Vagueness is pervasive in language [4] and arises whenever a concept or linguistic expression admits of borderline cases of application [5]. We adopt here the distinction proposed in [6] between sorites vagueness and conceptual vagueness. While Sorites vagueness occurs when the applicability of a predicate depends on specific measurable parameters but their thresholds are undetermined, conceptual vagueness arises when there is a lack of clarity on which attributes or conditions are essential to fix the meaning of a given term, so that it is controversial how it should be defined [7,6]. This is different from 'simple ambiguity', where a term has more than one distinct meaning.
Moreover, the geographic domain is particularly characterised by objects lacking bona fide boundaries and by the inherent vagueness in the definition of geographic descriptors, frames of reference and context [8,9]. When thinking about geographic space, people typically employ several different concepts, and change between them frequently depending on the scale and the perceptual and geometrical properties of the space [10] in addition to the contextual and pragmatic information.

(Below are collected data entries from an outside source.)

(* Let $f_\Theta$ be a prior probability density on $\mathbb{R}$ with finite mean $\theta_0=\int\theta f_\Theta(\theta)d\theta$. Let $l_\epsilon,l_1,\dots,l_k$ be probability densities on $\mathbb{R}$, $\Delta_1,\dots,\Delta_k\in\mathbb{R}$, and weights $\phi_\epsilon,\phi_1,\dots,\phi_k\in[0,1]$ with $\phi_\epsilon+\sum_{i=1}^k\phi_i=1$ and $\phi_\epsilon>0$. Consider the mixture signal likelihood $$l_{X|\Theta}(x\mid\theta)=\phi_\epsilon\,l_\epsilon(x-\theta)+\sum_{i=1}^k\phi_i\,l_i(x-\Delta_i).$$ Fix $x$ with $J_0(x)=\int f_\Theta(\theta)l_\epsilon(x-\theta)d\theta\in(0,\infty)$ and $\int|\theta| f_\Theta(\theta)l_\epsilon(x-\theta)d\theta<\infty$. Let $\theta_1=\frac{\int\theta f_\Theta(\theta)l_{X|\Theta}(x\mid\theta)d\theta}{\int f_\Theta(\theta)l_{X|\Theta}(x\mid\theta)d\theta}$ be the posterior mean and $\theta_1^{nm}=\frac{\int\theta f_\Theta(\theta)l_\epsilon(x-\theta)d\theta}{J_0(x)}$ the posterior mean under the non-mixture signal with likelihood $l_\epsilon(x-\theta)$. Then $$\theta_1=\alpha(x)\,\theta_1^{nm}+(1-\alpha(x))\,\theta_0,\qquad \alpha(x)=\Bigl(1+\sum_{i=1}^k\frac{\phi_i}{\phi_\epsilon}\frac{l_i(x-\Delta_i)}{J_0(x)}\Bigr)^{-1}\in[0,1].$$ *)

theory Defs
  imports "HOL-Analysis.Analysis"
begin

definition prob_density :: "(real \<Rightarrow> real) \<Rightarrow> bool" where
  "prob_density g \<longleftrightarrow> g \<in> borel_measurable borel \<and> (\<forall>x. 0 \<le> g x) \<and>
     (\<integral>\<^sup>+ x. ennreal (g x) \<partial>lborel) = 1"

definition mixture_lik ::
  "nat \<Rightarrow> real \<Rightarrow> (real \<Rightarrow> real) \<Rightarrow> (nat \<Rightarrow> real) \<Rightarrow> (nat \<Rightarrow> real \<Rightarrow> real) \<Rightarrow> (nat \<Rightarrow> real)
    \<Rightarrow> real \<Rightarrow> real \<Rightarrow> real" where
  "mixture_lik k phi_e l_e phi l Delta x \<theta> =
     phi_e * l_e (x - \<theta>) + (\<Sum>i=1..k. phi i * l i (x - Delta i))"

end

theory Submission
  imports Defs
begin

text \<open>Only the first component of the mixture likelihood depends on \<open>\<theta>\<close>; the others contribute
  a constant \<open>c = \<Sum>i. \<phi>\<^sub>i l\<^sub>i(x - \<Delta>\<^sub>i) \<ge> 0\<close>. Integrating against the prior, the numerator
  of the posterior mean becomes \<open>\<phi>\<^sub>\<epsilon> A + c \<theta>\<^sub>0\<close> and the denominator \<open>\<phi>\<^sub>\<epsilon> J\<^sub>0 + c\<close>, where \<open>A / J\<^sub>0\<close> is
  the non-mixture posterior mean. Such a ratio is the convex combination of \<open>A / J\<^sub>0\<close> and \<open>\<theta>\<^sub>0\<close>
  with weight \<open>\<alpha> = \<phi>\<^sub>\<epsilon> J\<^sub>0 / (\<phi>\<^sub>\<epsilon> J\<^sub>0 + c)\<close>.\<close>

lemma prob_density_integrable: "prob_density g \<Longrightarrow> integrable lborel g"
  unfolding prob_density_def by (intro integrableI_nonneg) auto

lemma integral_prob_density: "prob_density g \<Longrightarrow> (\<integral>t. g t \<partial>lborel) = 1"
  unfolding prob_density_def by (simp add: integral_eq_nn_integral)

lemma prob_density_reflect_measurable:
  "prob_density g \<Longrightarrow> (\<lambda>t. g (x - t)) \<in> borel_measurable borel"
  unfolding prob_density_def by (auto intro: measurable_compose[where f = "\<lambda>t. x - t"])

lemma integral_pos_if_nn_integral_pos:
  fixes u :: "'a \<Rightarrow> real"
  assumes "u \<in> borel_measurable M" "\<And>t. 0 \<le> u t"
    and "(\<integral>\<^sup>+ t. ennreal (u t) \<partial>M) > 0" "(\<integral>\<^sup>+ t. ennreal (u t) \<partial>M) < \<infinity>"
  shows "(\<integral>t. u t \<partial>M) > 0"
  using assms by (simp add: integral_eq_nn_integral enn2real_positive_iff)

lemma ratio_eq_convex_combination:
  fixes w J c a m :: real
  assumes "w > 0" "J > 0" "c \<ge> 0"
  defines "\<alpha> \<equiv> inverse (1 + c / (w * J))"
  shows "(w * a + c * m) / (w * J + c) = \<alpha> * (a / J) + (1 - \<alpha>) * m \<and> 0 \<le> \<alpha> \<and> \<alpha> \<le> 1"
proof -
  have wJ: "w * J > 0" using assms by simp
  then have "1 + c / (w * J) = (w * J + c) / (w * J)"
    using assms by (simp add: add_divide_distrib)
  then have \<alpha>_eq: "\<alpha> = w * J / (w * J + c)"
    unfolding \<alpha>_def by simp
  have "\<alpha> * (a / J) = w * a / (w * J + c)"
    unfolding \<alpha>_eq using \<open>J > 0\<close> by (simp add: field_simps)
  moreover have "(1 - \<alpha>) * m = c * m / (w * J + c)"
    unfolding \<alpha>_eq using wJ \<open>c \<ge> 0\<close> by (simp add: field_simps)
  moreover have "0 \<le> \<alpha> \<and> \<alpha> \<le> 1"
    unfolding \<alpha>_eq using wJ \<open>c \<ge> 0\<close> by simp
  ultimately show ?thesis
    by (simp add: add_divide_distrib)
qed

lemma posterior_mean_affine_likelihood:
  fixes h g :: "real \<Rightarrow> real" and w c :: real
  assumes "integrable M h" "integrable M (\<lambda>t. t * h t)"
    and "integrable M (\<lambda>t. h t * g t)" "integrable M (\<lambda>t. t * h t * g t)"
    and "(\<integral>t. h t \<partial>M) = 1" "(\<integral>t. h t * g t \<partial>M) > 0"
    and "w > 0" "c \<ge> 0"
  defines "\<alpha> \<equiv> inverse (1 + c / (w * (\<integral>t. h t * g t \<partial>M)))"
  shows "(\<integral>t. t * h t * (w * g t + c) \<partial>M) / (\<integral>t. h t * (w * g t + c) \<partial>M)
      = \<alpha> * ((\<integral>t. t * h t * g t \<partial>M) / (\<integral>t. h t * g t \<partial>M)) + (1 - \<alpha>) * (\<integral>t. t * h t \<partial>M)
    \<and> 0 \<le> \<alpha> \<and> \<alpha> \<le> 1"
proof -
  have "(\<integral>t. t * h t * (w * g t + c) \<partial>M) = (\<integral>t. w * (t * h t * g t) + c * (t * h t) \<partial>M)"
    by (simp add: algebra_simps)
  also have "\<dots> = w * (\<integral>t. t * h t * g t \<partial>M) + c * (\<integral>t. t * h t \<partial>M)"
    using assms by simp
  finally have numerator: "(\<integral>t. t * h t * (w * g t + c) \<partial>M)
      = w * (\<integral>t. t * h t * g t \<partial>M) + c * (\<integral>t. t * h t \<partial>M)" .
  have "(\<integral>t. h t * (w * g t + c) \<partial>M) = (\<integral>t. w * (h t * g t) + c * h t \<partial>M)"
    by (simp add: algebra_simps)
  also have "\<dots> = w * (\<integral>t. h t * g t \<partial>M) + c"
    using assms by simp
  finally show ?thesis
    unfolding numerator \<alpha>_def using assms by (simp add: ratio_eq_convex_combination)
qed

theorem mainTheorem9:
  fixes f l_e :: "real \<Rightarrow> real" and l :: "nat \<Rightarrow> real \<Rightarrow> real"
    and Delta phi :: "nat \<Rightarrow> real" and phi_e x :: real and k :: nat
  assumes prior: "prob_density f"
    and mean: "integrable lborel (\<lambda>\<theta>. \<theta> * f \<theta>)"
    and le_dens: "prob_density l_e"
    and l_dens: "\<And>i. i \<in> {1..k} \<Longrightarrow> prob_density (l i)"
    and phi_e_range: "0 \<le> phi_e" "phi_e \<le> 1"
    and phi_range: "\<And>i. i \<in> {1..k} \<Longrightarrow> 0 \<le> phi i \<and> phi i \<le> 1"
    and phi_sum: "phi_e + (\<Sum>i=1..k. phi i) = 1"
    and phi_e_pos: "phi_e > 0"
    and J0_pos: "(\<integral>\<^sup>+ \<theta>. ennreal (f \<theta> * l_e (x - \<theta>)) \<partial>lborel) > 0"
    and J0_fin: "(\<integral>\<^sup>+ \<theta>. ennreal (f \<theta> * l_e (x - \<theta>)) \<partial>lborel) < \<infinity>"
    and abs_fin: "(\<integral>\<^sup>+ \<theta>. ennreal (\<bar>\<theta>\<bar> * f \<theta> * l_e (x - \<theta>)) \<partial>lborel) < \<infinity>"
  defines "\<theta>0 \<equiv> (\<integral>\<theta>. \<theta> * f \<theta> \<partial>lborel)"
    and "\<theta>1 \<equiv> (\<integral>\<theta>. \<theta> * f \<theta> * mixture_lik k phi_e l_e phi l Delta x \<theta> \<partial>lborel)
              / (\<integral>\<theta>. f \<theta> * mixture_lik k phi_e l_e phi l Delta x \<theta> \<partial>lborel)"
    and "\<theta>1nm \<equiv> (\<integral>\<theta>. \<theta> * f \<theta> * l_e (x - \<theta>) \<partial>lborel) / (\<integral>\<theta>. f \<theta> * l_e (x - \<theta>) \<partial>lborel)"
    and "\<alpha> \<equiv> inverse (1 + (\<Sum>i=1..k. (phi i / phi_e) * (l i (x - Delta i) / (\<integral>\<theta>. f \<theta> * l_e (x - \<theta>) \<partial>lborel))))"
  shows "\<theta>1 = \<alpha> * \<theta>1nm + (1 - \<alpha>) * \<theta>0 \<and> 0 \<le> \<alpha> \<and> \<alpha> \<le> 1"
proof -
  define J where "J = (\<integral>\<theta>. f \<theta> * l_e (x - \<theta>) \<partial>lborel)"
  define c where "c = (\<Sum>i=1..k. phi i * l i (x - Delta i))"
  have nonneg: "\<And>t. 0 \<le> f t" "\<And>t. 0 \<le> l_e t"
    using prior le_dens unfolding prob_density_def by auto
  have "f \<in> borel_measurable borel"
    using prior unfolding prob_density_def by simp
  then have meas: "(\<lambda>t. f t * l_e (x - t)) \<in> borel_measurable lborel"
    using prob_density_reflect_measurable[OF le_dens, of x] by simp
  have J_int: "integrable lborel (\<lambda>t. f t * l_e (x - t))"
    using meas J0_fin nonneg by (intro integrableI_nonneg) auto
  have "integrable lborel (\<lambda>t. t * f t * l_e (x - t))"
  proof (rule integrableI_bounded)
    show "(\<lambda>t. t * f t * l_e (x - t)) \<in> borel_measurable lborel"
      using meas by (simp add: mult.assoc)
    show "(\<integral>\<^sup>+ t. ennreal (norm (t * f t * l_e (x - t))) \<partial>lborel) < \<infinity>"
      using abs_fin nonneg by (simp add: abs_mult)
  qed
  moreover have "J > 0"
    unfolding J_def using meas nonneg J0_pos J0_fin by (intro integral_pos_if_nn_integral_pos) auto
  moreover have "c \<ge> 0"
    unfolding c_def using phi_range l_dens unfolding prob_density_def by (intro sum_nonneg) auto
  moreover have "\<alpha> = inverse (1 + c / (phi_e * J))"
    unfolding \<alpha>_def J_def[symmetric] c_def by (simp add: sum_divide_distrib)
  moreover have "mixture_lik k phi_e l_e phi l Delta x = (\<lambda>t. phi_e * l_e (x - t) + c)"
    unfolding mixture_lik_def c_def by simp
  ultimately show ?thesis
    unfolding \<theta>0_def \<theta>1_def \<theta>1nm_def J_def
    using posterior_mean_affine_likelihood[of lborel f "\<lambda>t. l_e (x - t)" phi_e c]
      prob_density_integrable[OF prior] integral_prob_density[OF prior] mean J_int phi_e_pos
    by simp
qed

end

While the value of ontologies is now well established [11], their support of vagueness and semantic heterogeneity1 remains challenging. One of the main advantages of ontologies is that they improve the interoperability acting to enforce a consensus view reached by a community regarding a certain domain [7]. This is done by formalising the semantics of the terminology of the domain of discourse in some logic formalism. Typically this process involves the cooperation of domain experts which results in a unified decision on the formalization of the semantics of the terminology. However, as a result of the semantic heterogeneity and vagueness of the concepts to define, strong semantic commitments favour specific interpretations of language and involve a loss of generality, thus restricting the opportunities for interoperability. On the other hand, approaches with shallower semantics rely fundamentally on taxonomic relationships, such as subsumption and mutual exclusivity, thus leaving uncertainty on the specific semantics of instances of these terms and potentially compromising the sound reuse of information.
In this research we examine the term 'forest', for which a broad range of definitions (more than 600 were reported in [12]) have been specified for different purposes. Beyond the spatio-temporal context dependence and fuzziness of their boundaries, many factors contribute to the semantic variability of 'forest'. They arise from: fundamental differences between the land cover / land use2 perspectives, specific uses of the term in different disciplines (ecology, forestry, environmental science, ...) and for different management objectives [14], pragmatic differences between conceptualizations created for science and policy [15], different aspects involved in classifying land as opposed to individuating and demarcating geographic objects [7], and the modelling from endurant or perdurant perspectives on fundamental ontology [16,14].
This scenario poses challenges both for the acquisition of global forest knowledge, particularly its extent and spatial distribution [17,18,19], and for the sound reuse of information and knowledge extraction from the many resources that are increasingly publicly available [20,21]. Moreover, different pieces of research point at cases of crossdisciplinary information reuse among semantically non-interoperable datasets in science, resulting in misleading results [15,14]. At the same time, the option of a centralised and standard definition of 'forest' (the definition of the FAO3 plays that role de facto) only supports the discourse of certain institutions and is reported to be unsuitable to capture the needs of different contexts, disciplines and agents [15,14]. In these cases, the lack of recognition for alternate definitions may distort the understanding of certain scenarios such as in the case of contested spaces [16].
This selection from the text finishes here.